__Task description__: Would you please transcribe, exactly as written, the lines of the entries below starting at the one that holds "text \<open>X2: P(X2" and ending at the one that holds "list \<Rightarrow> nat", both included?

__Data section__:
______________________________

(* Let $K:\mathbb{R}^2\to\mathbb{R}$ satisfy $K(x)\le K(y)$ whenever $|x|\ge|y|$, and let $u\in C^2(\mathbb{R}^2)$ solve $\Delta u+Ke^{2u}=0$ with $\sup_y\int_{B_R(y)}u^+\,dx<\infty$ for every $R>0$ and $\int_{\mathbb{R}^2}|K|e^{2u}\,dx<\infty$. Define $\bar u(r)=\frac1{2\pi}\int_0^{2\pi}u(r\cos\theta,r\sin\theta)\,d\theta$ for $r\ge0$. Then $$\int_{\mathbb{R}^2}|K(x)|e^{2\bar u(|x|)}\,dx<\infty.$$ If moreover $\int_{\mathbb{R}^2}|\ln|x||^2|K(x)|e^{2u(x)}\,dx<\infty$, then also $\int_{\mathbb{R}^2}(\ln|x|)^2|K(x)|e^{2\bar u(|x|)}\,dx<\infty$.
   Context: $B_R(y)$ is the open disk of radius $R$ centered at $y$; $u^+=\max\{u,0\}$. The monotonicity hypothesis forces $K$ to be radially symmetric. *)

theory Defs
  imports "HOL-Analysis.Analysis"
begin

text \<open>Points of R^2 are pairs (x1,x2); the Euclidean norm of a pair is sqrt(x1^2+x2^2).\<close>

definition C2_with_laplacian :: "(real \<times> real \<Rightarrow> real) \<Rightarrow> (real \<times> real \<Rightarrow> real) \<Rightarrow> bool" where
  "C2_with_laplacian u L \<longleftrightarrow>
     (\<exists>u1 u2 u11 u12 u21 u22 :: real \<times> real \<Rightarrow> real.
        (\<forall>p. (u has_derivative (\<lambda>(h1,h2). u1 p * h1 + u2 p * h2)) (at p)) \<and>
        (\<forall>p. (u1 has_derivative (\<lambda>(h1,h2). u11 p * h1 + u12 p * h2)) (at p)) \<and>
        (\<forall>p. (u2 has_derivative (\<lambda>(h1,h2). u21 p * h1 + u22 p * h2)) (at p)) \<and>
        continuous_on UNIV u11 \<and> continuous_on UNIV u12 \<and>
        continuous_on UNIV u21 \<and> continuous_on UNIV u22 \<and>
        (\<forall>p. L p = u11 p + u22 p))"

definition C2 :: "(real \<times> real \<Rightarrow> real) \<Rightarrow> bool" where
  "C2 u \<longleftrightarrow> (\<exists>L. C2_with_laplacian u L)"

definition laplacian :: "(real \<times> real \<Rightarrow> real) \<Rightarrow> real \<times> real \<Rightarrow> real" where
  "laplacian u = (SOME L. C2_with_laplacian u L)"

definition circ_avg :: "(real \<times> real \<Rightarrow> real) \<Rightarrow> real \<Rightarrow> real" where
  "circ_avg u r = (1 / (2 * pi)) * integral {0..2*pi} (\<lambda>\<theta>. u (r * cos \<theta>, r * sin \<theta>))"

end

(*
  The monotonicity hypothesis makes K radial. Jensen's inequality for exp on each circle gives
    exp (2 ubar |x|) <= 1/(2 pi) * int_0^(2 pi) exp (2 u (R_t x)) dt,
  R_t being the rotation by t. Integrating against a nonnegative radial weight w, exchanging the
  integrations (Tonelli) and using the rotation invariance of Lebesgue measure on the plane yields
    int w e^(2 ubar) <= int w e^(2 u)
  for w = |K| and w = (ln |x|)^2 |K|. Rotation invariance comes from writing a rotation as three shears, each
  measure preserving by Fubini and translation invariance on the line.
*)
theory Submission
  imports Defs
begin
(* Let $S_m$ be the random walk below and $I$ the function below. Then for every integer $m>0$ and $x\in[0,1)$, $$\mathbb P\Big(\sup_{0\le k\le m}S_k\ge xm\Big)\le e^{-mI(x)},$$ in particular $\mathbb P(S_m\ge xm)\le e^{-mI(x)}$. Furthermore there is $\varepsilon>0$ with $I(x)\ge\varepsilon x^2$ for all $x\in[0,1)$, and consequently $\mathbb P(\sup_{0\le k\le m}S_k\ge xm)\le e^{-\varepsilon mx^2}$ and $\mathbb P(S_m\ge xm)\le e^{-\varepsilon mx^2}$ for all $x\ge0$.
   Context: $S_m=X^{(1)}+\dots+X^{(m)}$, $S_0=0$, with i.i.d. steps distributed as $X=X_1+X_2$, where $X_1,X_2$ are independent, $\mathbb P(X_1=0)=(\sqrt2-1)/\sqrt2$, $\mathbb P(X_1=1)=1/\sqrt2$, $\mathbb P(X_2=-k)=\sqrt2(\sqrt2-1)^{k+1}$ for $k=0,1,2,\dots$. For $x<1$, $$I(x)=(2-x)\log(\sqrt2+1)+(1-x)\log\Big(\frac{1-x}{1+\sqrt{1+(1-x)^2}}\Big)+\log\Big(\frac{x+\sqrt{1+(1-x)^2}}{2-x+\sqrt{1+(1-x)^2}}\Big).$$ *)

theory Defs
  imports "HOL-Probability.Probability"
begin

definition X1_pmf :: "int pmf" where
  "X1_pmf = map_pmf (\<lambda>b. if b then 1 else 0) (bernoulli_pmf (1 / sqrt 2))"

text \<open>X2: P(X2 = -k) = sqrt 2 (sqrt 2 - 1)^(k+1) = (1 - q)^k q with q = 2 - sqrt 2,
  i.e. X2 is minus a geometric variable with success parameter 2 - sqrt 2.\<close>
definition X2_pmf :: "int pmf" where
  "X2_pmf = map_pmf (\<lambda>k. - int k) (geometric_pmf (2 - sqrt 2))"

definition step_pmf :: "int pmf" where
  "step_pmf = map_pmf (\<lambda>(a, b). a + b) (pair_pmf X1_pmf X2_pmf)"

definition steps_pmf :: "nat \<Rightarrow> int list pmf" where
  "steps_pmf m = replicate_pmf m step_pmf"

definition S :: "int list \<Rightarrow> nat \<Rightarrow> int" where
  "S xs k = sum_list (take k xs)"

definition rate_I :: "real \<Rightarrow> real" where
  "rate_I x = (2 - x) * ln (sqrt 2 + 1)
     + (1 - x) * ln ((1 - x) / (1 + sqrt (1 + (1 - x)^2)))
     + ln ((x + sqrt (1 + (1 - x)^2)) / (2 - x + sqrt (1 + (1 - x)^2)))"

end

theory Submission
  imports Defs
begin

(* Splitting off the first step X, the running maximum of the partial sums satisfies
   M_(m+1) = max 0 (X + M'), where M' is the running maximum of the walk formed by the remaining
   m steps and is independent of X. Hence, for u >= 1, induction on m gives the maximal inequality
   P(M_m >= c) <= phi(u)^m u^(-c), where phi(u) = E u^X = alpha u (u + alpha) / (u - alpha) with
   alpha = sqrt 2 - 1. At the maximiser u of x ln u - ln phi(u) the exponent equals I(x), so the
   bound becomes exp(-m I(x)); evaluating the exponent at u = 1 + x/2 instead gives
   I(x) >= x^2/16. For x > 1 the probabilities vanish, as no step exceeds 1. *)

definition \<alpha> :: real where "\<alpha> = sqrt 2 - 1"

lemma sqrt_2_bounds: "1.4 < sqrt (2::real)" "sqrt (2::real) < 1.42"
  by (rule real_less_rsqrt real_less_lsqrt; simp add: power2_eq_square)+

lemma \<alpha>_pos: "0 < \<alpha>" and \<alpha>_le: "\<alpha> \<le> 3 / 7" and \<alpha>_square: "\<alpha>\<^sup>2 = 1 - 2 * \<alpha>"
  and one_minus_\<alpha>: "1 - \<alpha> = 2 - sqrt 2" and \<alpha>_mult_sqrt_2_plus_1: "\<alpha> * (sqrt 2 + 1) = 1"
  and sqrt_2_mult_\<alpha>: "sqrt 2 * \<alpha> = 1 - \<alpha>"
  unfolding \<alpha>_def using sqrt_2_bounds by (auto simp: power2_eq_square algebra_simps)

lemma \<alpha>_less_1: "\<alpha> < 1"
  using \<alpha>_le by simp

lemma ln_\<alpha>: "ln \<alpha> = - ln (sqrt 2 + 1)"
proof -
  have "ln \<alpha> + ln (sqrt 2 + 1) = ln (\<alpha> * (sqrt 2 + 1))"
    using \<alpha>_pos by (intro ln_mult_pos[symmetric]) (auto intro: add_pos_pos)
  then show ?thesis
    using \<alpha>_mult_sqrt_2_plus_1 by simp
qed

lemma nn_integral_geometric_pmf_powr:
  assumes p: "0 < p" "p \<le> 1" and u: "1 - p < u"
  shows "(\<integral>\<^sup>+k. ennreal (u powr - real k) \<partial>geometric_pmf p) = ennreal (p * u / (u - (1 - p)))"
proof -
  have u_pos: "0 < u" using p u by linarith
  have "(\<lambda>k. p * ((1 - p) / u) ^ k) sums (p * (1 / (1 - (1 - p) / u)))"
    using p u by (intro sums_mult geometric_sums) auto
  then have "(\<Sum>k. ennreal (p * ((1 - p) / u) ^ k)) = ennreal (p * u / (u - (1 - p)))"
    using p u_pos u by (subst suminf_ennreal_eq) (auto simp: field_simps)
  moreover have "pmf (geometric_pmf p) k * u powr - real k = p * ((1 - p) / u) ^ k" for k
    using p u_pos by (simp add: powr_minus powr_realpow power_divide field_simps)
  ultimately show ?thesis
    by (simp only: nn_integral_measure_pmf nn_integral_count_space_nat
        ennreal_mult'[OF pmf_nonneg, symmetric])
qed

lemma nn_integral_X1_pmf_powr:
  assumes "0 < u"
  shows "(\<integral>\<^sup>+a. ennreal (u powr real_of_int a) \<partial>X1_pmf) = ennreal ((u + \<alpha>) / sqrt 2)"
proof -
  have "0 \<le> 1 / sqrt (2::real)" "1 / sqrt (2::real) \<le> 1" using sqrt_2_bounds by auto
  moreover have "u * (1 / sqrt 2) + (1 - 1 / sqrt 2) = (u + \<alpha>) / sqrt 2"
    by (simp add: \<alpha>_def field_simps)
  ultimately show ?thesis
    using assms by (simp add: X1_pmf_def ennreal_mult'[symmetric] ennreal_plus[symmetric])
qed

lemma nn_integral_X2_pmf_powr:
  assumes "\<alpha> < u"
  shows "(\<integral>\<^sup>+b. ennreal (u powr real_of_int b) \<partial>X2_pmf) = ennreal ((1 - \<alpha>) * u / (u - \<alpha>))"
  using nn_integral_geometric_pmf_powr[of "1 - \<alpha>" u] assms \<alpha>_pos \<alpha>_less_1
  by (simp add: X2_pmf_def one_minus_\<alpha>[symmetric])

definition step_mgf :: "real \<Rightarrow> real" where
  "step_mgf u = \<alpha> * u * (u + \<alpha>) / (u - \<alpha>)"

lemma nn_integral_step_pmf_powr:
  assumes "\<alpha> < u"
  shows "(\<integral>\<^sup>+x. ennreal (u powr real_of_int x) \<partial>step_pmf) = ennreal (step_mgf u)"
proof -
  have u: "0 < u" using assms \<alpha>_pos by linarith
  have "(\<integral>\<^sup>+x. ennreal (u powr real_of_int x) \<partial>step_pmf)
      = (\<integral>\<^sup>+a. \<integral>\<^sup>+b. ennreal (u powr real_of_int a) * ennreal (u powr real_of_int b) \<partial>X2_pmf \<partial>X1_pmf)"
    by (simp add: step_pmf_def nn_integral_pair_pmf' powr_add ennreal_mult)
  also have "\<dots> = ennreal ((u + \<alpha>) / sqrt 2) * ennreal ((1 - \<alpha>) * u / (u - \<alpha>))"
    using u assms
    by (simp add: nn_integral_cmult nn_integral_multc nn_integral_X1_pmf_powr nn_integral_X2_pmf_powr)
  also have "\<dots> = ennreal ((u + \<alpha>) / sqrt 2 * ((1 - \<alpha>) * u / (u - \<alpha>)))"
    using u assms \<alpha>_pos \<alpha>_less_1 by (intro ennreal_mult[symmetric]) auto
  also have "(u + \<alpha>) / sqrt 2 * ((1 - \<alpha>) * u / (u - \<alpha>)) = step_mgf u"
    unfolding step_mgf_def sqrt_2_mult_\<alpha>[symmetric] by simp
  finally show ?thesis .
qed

______________________________

__Response to the task__:
text \<open>X2: P(X2 = -k) = sqrt 2 (sqrt 2 - 1)^(k+1) = (1 - q)^k q with q = 2 - sqrt 2,
  i.e. X2 is minus a geometric variable with success parameter 2 - sqrt 2.\<close>
definition X2_pmf :: "int pmf" where
  "X2_pmf = map_pmf (\<lambda>k. - int k) (geometric_pmf (2 - sqrt 2))"

definition step_pmf :: "int pmf" where
  "step_pmf = map_pmf (\<lambda>(a, b). a + b) (pair_pmf X1_pmf X2_pmf)"

definition steps_pmf :: "nat \<Rightarrow> int list pmf" where
  "steps_pmf m = replicate_pmf m step_pmf"

definition S :: "int list \<Rightarrow> nat \<Rightarrow> int" where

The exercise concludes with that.